PubMed + LlamaIndex Use Cases

Practical scenarios where LlamaIndex combined with the PubMed MCP Server delivers measurable value.

01

Hybrid search: combine PubMed real-time data with embedded document indexes for answers that are both current and comprehensive

02

Data enrichment: query PubMed to augment indexed data with live information before generating user-facing responses

03

Knowledge base agents: build agents that maintain and update knowledge bases by periodically querying PubMed for fresh data

04

Analytical workflows: chain PubMed queries with LlamaIndex's data connectors to build multi-source analytical reports

PubMed MCP Tools for LlamaIndex (3)

These 3 tools become available when you connect PubMed to LlamaIndex via MCP:

01

get_pubmed_article

Get full details of a PubMed article by its PMID

02

get_pubmed_citations

Useful for tracing the impact of a paper and finding follow-up research. Find articles that cite a specific PubMed paper

03

search_pubmed

Returns titles, authors, journals, abstracts, DOIs, and MeSH terms. Supports boolean operators: AND, OR, NOT. Search PubMed for biomedical and life sciences research articles

Example Prompts for PubMed in LlamaIndex

Ready-to-use prompts you can give your LlamaIndex agent to start working with PubMed immediately.

01

"Find recent research on CRISPR gene therapy for sickle cell disease."

02

"Get complete details for PubMed article PMID 33782455."

03

"Which papers cite the original CRISPR-Cas9 paper? Show me the top citing articles."

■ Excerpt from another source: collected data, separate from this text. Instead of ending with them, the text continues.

text \<open>In a unitization: \<open>(1 - g) (1 - z\<^sup>n\<^sup>+\<^sup>1) = 1 + z + \<dots> + z\<^sup>n\<close> when \<open>(1 - g) (1 - z) = 1\<close>.\<close>

lemma quasi_inverse_spow_telescope:
  fixes z g :: "'a::real_normed_algebra"
  assumes "quasi_inverse z g"
  shows "g + spow z n - g * spow z n = - (\<Sum>j<n. spow z j)"
    and "spow z n + g - spow z n * g = - (\<Sum>j<n. spow z j)"
proof -
  have gz: "g * z = z + g" and zg: "z * g = z + g"
    using assms by (auto simp: quasi_inverse_def)
  show "g + spow z n - g * spow z n = - (\<Sum>j<n. spow z j)"
  proof (induction n)
    case (Suc n)
    have "g * spow z (Suc n) = spow z (Suc n) + g * spow z n"
      by (simp add: mult.assoc[symmetric] gz distrib_right)
    then show ?case
      using Suc by (simp add: algebra_simps del: spow.simps)
  qed (simp add: gz)
  show "spow z n + g - spow z n * g = - (\<Sum>j<n. spow z j)"
  proof (induction n)
    case (Suc n)
    have "spow z (Suc n) * g = spow z (Suc n) + spow z n * g"
      by (simp only: spow_Suc_right mult.assoc zg distrib_left)
    then show ?case
      using Suc by (simp add: algebra_simps del: spow.simps)
  qed (simp add: zg)
qed

lemma cscale_average_const:
  "0 < N \<Longrightarrow> (1 / of_nat N) *\<^sub>C (\<Sum>k<N. (x::'a::cstar_algebra)) = x"
proof -
  have "(\<Sum>k<N. x) = of_nat N *\<^sub>C x"
    using cscale_sum_left[of "\<lambda>_. 1" "{..<N}" x] by (simp add: cscale_one)
  then show "0 < N \<Longrightarrow> ?thesis"
    by (simp add: cscale_cscale cscale_one)
qed

lemma spow_root_unity_scale:
  "0 < N \<Longrightarrow> spow ((r * root_unity N ^ k) *\<^sub>C h) (N - 1) = (r ^ N) *\<^sub>C spow (h::'a::cstar_algebra) (N - 1)"
  using root_unity_power_power[of N k] by (simp add: spow_cscale power_mult_distrib)

lemma sum_spow_root_unity_eq_0:
  assumes "Suc j < N"
  shows "(\<Sum>k<N. spow ((r * root_unity N ^ k) *\<^sub>C h) j) = (0::'a::cstar_algebra)"
  using sum_root_unity_power_eq_0[of "Suc j" N] assms
  by (simp add: spow_cscale power_mult_distrib cscale_sum_left[symmetric]
      sum_distrib_left[symmetric] del: power_Suc)

definition circle_average :: "(complex \<Rightarrow> 'a::cstar_algebra) \<Rightarrow> nat \<Rightarrow> real \<Rightarrow> 'a" where
  "circle_average G N r = (1 / of_nat N) *\<^sub>C (\<Sum>k<N. G (of_real r * root_unity N ^ k))"

text \<open>All powers \<open>h\<^sup>j\<close> with \<open>0 < j < N\<close> cancel in the average of the telescoped sums.\<close>

lemma quasi_inverse_circle_average:
  fixes h :: "'a::cstar_algebra"
  assumes G: "\<And>\<mu>. cmod \<mu> = r \<Longrightarrow> quasi_inverse (\<mu> *\<^sub>C h) (G \<mu>)" and "0 \<le> r" "0 < N"
  shows "quasi_inverse ((of_real r ^ N) *\<^sub>C spow h (N - 1)) (circle_average G N r)"
proof -
  define z where "z k = (of_real r * root_unity N ^ k) *\<^sub>C h" for k
  define g where "g k = G (of_real r * root_unity N ^ k)" for k
  define X where "X = (of_real r ^ N) *\<^sub>C spow h (N - 1)"
  have quasi_inverse_z: "quasi_inverse (z k) (g k)" for k
    unfolding z_def g_def using G assms(2) by (simp add: norm_mult)
  have spow_z: "spow (z k) (N - 1) = X" for k
    unfolding z_def X_def by (rule spow_root_unity_scale[OF assms(3)])
  have "(\<Sum>k<N. \<Sum>j<N - 1. spow (z k) j) = 0"
    by (subst sum.swap) (auto simp: z_def sum_spow_root_unity_eq_0 intro!: sum.neutral)
  then have "(\<Sum>k<N. g k + X - g k * X) = 0" "(\<Sum>k<N. X + g k - X * g k) = 0"
    using quasi_inverse_spow_telescope[OF quasi_inverse_z, of _ "N - 1", unfolded spow_z]
    by (simp_all add: sum_negf)
  moreover have "circle_average G N r + X - circle_average G N r * X
      = (1 / of_nat N) *\<^sub>C (\<Sum>k<N. g k + X - g k * X)"
    and "X + circle_average G N r - X * circle_average G N r
      = (1 / of_nat N) *\<^sub>C (\<Sum>k<N. X + g k - X * g k)"
    unfolding circle_average_def g_def sum.distrib sum_subtractf sum_distrib_left[symmetric]
      sum_distrib_right[symmetric]
    by (simp_all add: cscale_add_right cscale_diff_right cscale_mult_left cscale_mult_right
        cscale_average_const[OF assms(3)])
  ultimately show ?thesis
    unfolding quasi_inverse_def X_def[symmetric] by (simp add: algebra_simps eq_diff_eq)
qed

lemma norm_circle_average_diff_le:
  fixes G :: "complex \<Rightarrow> 'a::cstar_algebra"
  assumes "0 < N" "\<And>k. norm (G (of_real r' * root_unity N ^ k) - G (of_real r * root_unity N ^ k)) \<le> e"
  shows "norm (circle_average G N r' - circle_average G N r) \<le> e"
proof -
  have "norm (\<Sum>k<N. G (of_real r' * root_unity N ^ k) - G (of_real r * root_unity N ^ k))
      \<le> (\<Sum>k<N. norm (G (of_real r' * root_unity N ^ k) - G (of_real r * root_unity N ^ k)))"
    by (rule norm_sum)
  also have "\<dots> \<le> (\<Sum>k<N. e)"
    by (rule sum_mono) (rule assms(2))
  finally show ?thesis
    using assms(1)
    by (simp add: circle_average_def norm_cscale norm_divide field_simps sum_subtractf
        flip: cscale_diff_right)
qed

lemma radii_around_inverse:
  fixes \<rho> R d :: real
  assumes "0 < \<rho>" "1 < R * \<rho>" "0 < d"
  obtains r1 r2 where "0 < r1" "r1 < r2" "r2 \<le> R" "r2 - r1 < d" "r1 * \<rho> < 1" "1 < r2 * \<rho>"
proof
  define e where "e = min (d / 2) (min (R - 1 / \<rho>) (1 / \<rho>))"
  have "1 / \<rho> < R"
    using assms by (simp add: field_simps)
  then have e: "0 < e" "e < d" "e \<le> R - 1 / \<rho>" "e \<le> 1 / \<rho>"
    using assms by (auto simp: e_def)
  show "0 < 1 / \<rho> - e / 2" "1 / \<rho> - e / 2 < 1 / \<rho> + e / 2" "1 / \<rho> + e / 2 \<le> R"
    "(1 / \<rho> + e / 2) - (1 / \<rho> - e / 2) < d"
    using e by auto
  show "(1 / \<rho> - e / 2) * \<rho> < 1" "1 < (1 / \<rho> + e / 2) * \<rho>"
    using e assms(1) by (simp_all add: algebra_simps)
qed

lemma quasi_inverse_uniformly_continuous_disc:
  fixes h :: "'a::cstar_algebra"
  assumes "\<And>\<mu>. cmod \<mu> \<le> R \<Longrightarrow> \<exists>y. quasi_inverse (\<mu> *\<^sub>C h) y" "0 < e"
  obtains G d where "\<And>\<mu>. \<mu> \<in> cball 0 R \<Longrightarrow> quasi_inverse (\<mu> *\<^sub>C h) (G \<mu>)" "0 < d"
    "\<And>x x'. x \<in> cball 0 R \<Longrightarrow> x' \<in> cball 0 R \<Longrightarrow> dist x' x < d \<Longrightarrow> dist (G x') (G x) < e"
proof -
  obtain G where G: "\<And>\<mu>. \<mu> \<in> cball 0 R \<Longrightarrow> quasi_inverse (\<mu> *\<^sub>C h) (G \<mu>)"
    using assms(1) by (simp add: dist_norm) metis
  have "uniformly_continuous_on (cball 0 R) G"
    using quasi_inverse_continuous_on[of "cball 0 R" h G] G
    by (intro compact_uniformly_continuous) auto
  then show ?thesis
    using that G assms(2) unfolding uniformly_continuous_on_def by metis
qed

text \<open>If \<open>\<mu> h\<close> is quasi-invertible for all \<open>|\<mu>| \<le> R\<close>, then the spectral radius of \<open>h\<close> is at
  most \<open>1 / R\<close>; for self-adjoint \<open>h\<close> it equals \<open>\<parallel>h\<parallel>\<close>. Instead of the spectral radius formula we
  use that the quasi-inverses depend uniformly continuously on \<open>\<mu>\<close>, while their averages over
  \<open>N\<close>-th roots of unity are quasi-inverses of \<open>r\<^sup>N h\<^sup>N\<close>, whose norm \<open>(r \<parallel>h\<parallel>)\<^sup>N\<close> for
  \<open>N = 2\<^sup>m\<close> jumps from small to large as \<open>r\<close> crosses \<open>1 / \<parallel>h\<parallel>\<close>.\<close>

lemma quasi_invertible_disc_radius:
  fixes h :: "'a::cstar_algebra"
  assumes selfadjoint: "adj h = h"
    and invertible: "\<And>\<mu>. cmod \<mu> \<le> R \<Longrightarrow> \<exists>y. quasi_inverse (\<mu> *\<^sub>C h) y"
  shows "R * norm h \<le> 1"
proof (rule ccontr)
  assume "\<not> R * norm h \<le> 1"
  then have R: "1 < R * norm h" and h: "0 < norm h"
    by (auto simp: le_less)
  obtain G d where G: "\<And>\<mu>. \<mu> \<in> cball 0 R \<Longrightarrow> quasi_inverse (\<mu> *\<^sub>C h) (G \<mu>)" and "0 < d"
    and d: "\<And>x x'. x \<in> cball 0 R \<Longrightarrow> x' \<in> cball 0 R \<Longrightarrow> dist x' x < d \<Longrightarrow> dist (G x') (G x) < 1/4"
    using quasi_inverse_uniformly_continuous_disc[where e="1/4", OF invertible] by auto
  obtain r1 r2 where r1: "0 < r1" "r1 * norm h < 1" and r2: "r1 < r2" "r2 \<le> R" "1 < r2 * norm h"
    and "r2 - r1 < d"
    using radii_around_inverse[OF h R \<open>0 < d\<close>] .
  obtain m where m: "(r1 * norm h) ^ m < 1/5"
    using real_arch_pow_inv[of "1/5" "r1 * norm h"] r1 by auto
  define N :: nat where "N = 2 ^ m"
  define X where "X r = (of_real r ^ N) *\<^sub>C spow h (N - 1)" for r
  have N: "0 < N" "m \<le> N"
    by (simp_all add: N_def less_imp_le[OF less_exp])
  have average: "quasi_inverse (X r) (circle_average G N r)" if "0 \<le> r" "r \<le> R" for r
    unfolding X_def using that N(1) G by (intro quasi_inverse_circle_average) auto
  have norm_X: "norm (X r) = (r * norm h) ^ N" if "0 \<le> r" for r
    using norm_spow_selfadjoint[OF selfadjoint, of m] that
    by (simp add: X_def N_def norm_cscale norm_power power_mult_distrib)
  have "(r1 * norm h) ^ N \<le> (r1 * norm h) ^ m"
    using r1 N(2) by (intro power_decreasing) auto
  then have small: "norm (circle_average G N r1) \<le> 1/4"
    using norm_quasi_inverse_le[of "X r1" "1/5", OF _ _ average] r1 r2 m norm_X by simp
  have "dist (G (of_real r2 * root_unity N ^ k)) (G (of_real r1 * root_unity N ^ k)) < 1/4" for k
    using \<open>r2 - r1 < d\<close> r1 r2
    by (intro d) (auto simp: dist_norm norm_mult left_diff_distrib[symmetric] simp flip: of_real_diff)
  then have "norm (circle_average G N r2 - circle_average G N r1) \<le> 1/4"
    by (intro norm_circle_average_diff_le[OF N(1)]) (simp add: dist_norm less_imp_le)
  then have "norm (circle_average G N r2) \<le> 1/2"
    using small norm_triangle_sub[of "circle_average G N r2" "circle_average G N r1"] by simp
  then have "(r2 * norm h) ^ N \<le> 1"
    using norm_quasi_inverse_le[OF _ _ quasi_inverse_sym[OF average], of r2 "1/2"] r1 r2 norm_X
    by simp
  moreover have "1 < (r2 * norm h) ^ N"
    using r2 N by (intro one_less_power) auto
  ultimately show False
    by simp
qed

Troubleshooting PubMed MCP Server with LlamaIndex

Common issues when connecting PubMed to LlamaIndex through the Vinkius, and how to resolve them.

01

BasicMCPClient not found

Install: pip install llama-index-tools-mcp

PubMed + LlamaIndex FAQ

Common questions about integrating PubMed MCP Server with LlamaIndex.

01

How does LlamaIndex connect to MCP servers?

Use the MCP client adapter to create a connection. LlamaIndex discovers all tools and wraps them as query engine tools compatible with any LlamaIndex agent.
02

Can I combine MCP tools with vector stores?

Yes. LlamaIndex agents can query PubMed tools and vector store indexes in the same turn, combining real-time and embedded data for grounded responses.
03

Does LlamaIndex support async MCP calls?

Yes. LlamaIndex's async agent framework supports concurrent MCP tool calls for high-throughput data processing pipelines.

Connect PubMed to LlamaIndex

Get your token, paste the configuration, and start using 3 tools in under 2 minutes. No API key management needed.